↓↓↓
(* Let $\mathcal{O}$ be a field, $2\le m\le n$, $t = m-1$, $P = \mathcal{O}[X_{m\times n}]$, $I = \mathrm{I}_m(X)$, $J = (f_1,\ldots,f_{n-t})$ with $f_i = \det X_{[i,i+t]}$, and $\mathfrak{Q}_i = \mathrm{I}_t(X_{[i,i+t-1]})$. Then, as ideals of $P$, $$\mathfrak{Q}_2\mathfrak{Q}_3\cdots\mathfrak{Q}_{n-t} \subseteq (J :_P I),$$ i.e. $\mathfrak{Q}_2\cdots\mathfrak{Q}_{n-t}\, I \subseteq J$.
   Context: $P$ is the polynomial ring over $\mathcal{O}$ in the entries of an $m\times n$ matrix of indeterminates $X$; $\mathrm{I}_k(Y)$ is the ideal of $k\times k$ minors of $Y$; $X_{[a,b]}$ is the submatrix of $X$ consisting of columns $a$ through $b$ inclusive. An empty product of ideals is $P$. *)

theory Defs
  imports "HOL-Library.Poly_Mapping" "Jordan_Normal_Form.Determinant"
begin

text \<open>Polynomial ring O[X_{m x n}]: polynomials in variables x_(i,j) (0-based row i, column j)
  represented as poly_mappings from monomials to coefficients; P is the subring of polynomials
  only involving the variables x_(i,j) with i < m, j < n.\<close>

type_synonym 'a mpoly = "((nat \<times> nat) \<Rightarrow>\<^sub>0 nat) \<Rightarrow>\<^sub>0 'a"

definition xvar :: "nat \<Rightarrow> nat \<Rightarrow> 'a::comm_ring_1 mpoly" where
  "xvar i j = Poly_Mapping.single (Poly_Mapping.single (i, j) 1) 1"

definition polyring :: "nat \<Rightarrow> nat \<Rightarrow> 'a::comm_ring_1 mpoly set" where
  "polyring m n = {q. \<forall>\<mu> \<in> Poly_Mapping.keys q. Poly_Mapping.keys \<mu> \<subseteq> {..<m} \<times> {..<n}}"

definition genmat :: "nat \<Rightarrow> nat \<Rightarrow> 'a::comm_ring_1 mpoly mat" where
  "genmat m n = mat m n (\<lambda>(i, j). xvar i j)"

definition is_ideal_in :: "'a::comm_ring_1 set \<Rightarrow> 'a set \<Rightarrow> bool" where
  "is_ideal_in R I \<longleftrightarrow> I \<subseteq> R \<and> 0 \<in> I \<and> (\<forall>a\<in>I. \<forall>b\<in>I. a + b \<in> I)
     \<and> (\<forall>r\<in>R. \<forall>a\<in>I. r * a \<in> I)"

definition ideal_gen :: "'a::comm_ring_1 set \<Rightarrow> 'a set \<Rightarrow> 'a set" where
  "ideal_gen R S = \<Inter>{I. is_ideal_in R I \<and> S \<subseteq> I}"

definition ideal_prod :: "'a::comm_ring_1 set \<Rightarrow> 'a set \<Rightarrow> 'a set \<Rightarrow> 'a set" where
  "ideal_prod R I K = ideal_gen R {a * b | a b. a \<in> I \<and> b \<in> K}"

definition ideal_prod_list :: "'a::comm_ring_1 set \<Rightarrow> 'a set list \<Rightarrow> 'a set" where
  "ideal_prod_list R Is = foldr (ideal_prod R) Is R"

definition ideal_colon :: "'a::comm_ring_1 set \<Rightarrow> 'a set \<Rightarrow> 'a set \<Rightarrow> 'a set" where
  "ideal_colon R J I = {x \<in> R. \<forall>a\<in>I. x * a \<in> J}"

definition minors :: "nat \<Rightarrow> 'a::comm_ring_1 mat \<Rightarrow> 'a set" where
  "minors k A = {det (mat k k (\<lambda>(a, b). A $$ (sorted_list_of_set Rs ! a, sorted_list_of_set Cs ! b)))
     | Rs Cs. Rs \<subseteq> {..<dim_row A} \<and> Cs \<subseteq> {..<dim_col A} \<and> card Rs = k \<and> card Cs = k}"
↑↑↑
↓↓↓
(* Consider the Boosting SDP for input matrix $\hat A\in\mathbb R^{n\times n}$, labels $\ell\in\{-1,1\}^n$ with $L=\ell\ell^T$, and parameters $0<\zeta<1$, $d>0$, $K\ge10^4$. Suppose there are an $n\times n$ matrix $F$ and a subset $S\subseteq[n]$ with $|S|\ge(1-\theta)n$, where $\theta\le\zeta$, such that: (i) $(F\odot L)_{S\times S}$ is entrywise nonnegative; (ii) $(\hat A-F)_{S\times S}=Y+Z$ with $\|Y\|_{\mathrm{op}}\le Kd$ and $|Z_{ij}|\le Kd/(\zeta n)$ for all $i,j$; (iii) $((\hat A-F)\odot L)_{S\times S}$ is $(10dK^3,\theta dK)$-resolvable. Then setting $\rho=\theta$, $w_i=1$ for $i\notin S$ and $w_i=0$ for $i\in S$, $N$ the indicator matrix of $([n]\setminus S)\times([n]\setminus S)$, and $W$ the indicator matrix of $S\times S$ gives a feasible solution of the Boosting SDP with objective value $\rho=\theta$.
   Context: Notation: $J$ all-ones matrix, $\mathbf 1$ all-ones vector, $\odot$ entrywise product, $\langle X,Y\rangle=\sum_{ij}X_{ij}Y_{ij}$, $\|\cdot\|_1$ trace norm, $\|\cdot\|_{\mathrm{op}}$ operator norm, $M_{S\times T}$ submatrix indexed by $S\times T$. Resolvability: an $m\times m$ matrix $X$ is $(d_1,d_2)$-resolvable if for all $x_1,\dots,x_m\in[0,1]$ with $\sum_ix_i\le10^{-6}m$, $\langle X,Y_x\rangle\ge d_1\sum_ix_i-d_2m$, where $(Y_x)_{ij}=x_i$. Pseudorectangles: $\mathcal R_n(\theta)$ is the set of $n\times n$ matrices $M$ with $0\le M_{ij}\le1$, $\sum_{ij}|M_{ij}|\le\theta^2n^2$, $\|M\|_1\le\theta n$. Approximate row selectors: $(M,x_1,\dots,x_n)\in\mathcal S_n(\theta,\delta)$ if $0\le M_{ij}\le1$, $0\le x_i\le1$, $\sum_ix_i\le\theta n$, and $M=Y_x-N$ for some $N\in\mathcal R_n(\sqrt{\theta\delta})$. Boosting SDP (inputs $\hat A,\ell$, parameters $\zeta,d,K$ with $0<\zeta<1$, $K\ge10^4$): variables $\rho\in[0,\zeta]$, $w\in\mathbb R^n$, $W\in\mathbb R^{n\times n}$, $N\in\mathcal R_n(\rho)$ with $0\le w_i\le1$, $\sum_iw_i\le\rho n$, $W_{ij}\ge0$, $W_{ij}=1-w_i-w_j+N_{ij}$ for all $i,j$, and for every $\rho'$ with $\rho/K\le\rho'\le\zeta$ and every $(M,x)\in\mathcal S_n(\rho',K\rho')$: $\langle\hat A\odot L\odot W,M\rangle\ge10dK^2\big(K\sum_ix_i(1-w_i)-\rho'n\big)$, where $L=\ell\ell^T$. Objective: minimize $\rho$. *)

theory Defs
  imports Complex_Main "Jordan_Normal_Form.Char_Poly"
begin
↑↑↑
- _Work required_
Look over the listing and return each line that holds "imports".

- _Reply_
  imports "HOL-Library.Poly_Mapping" "Jordan_Normal_Form.Determinant"
  imports Complex_Main "Jordan_Normal_Form.Char_Poly"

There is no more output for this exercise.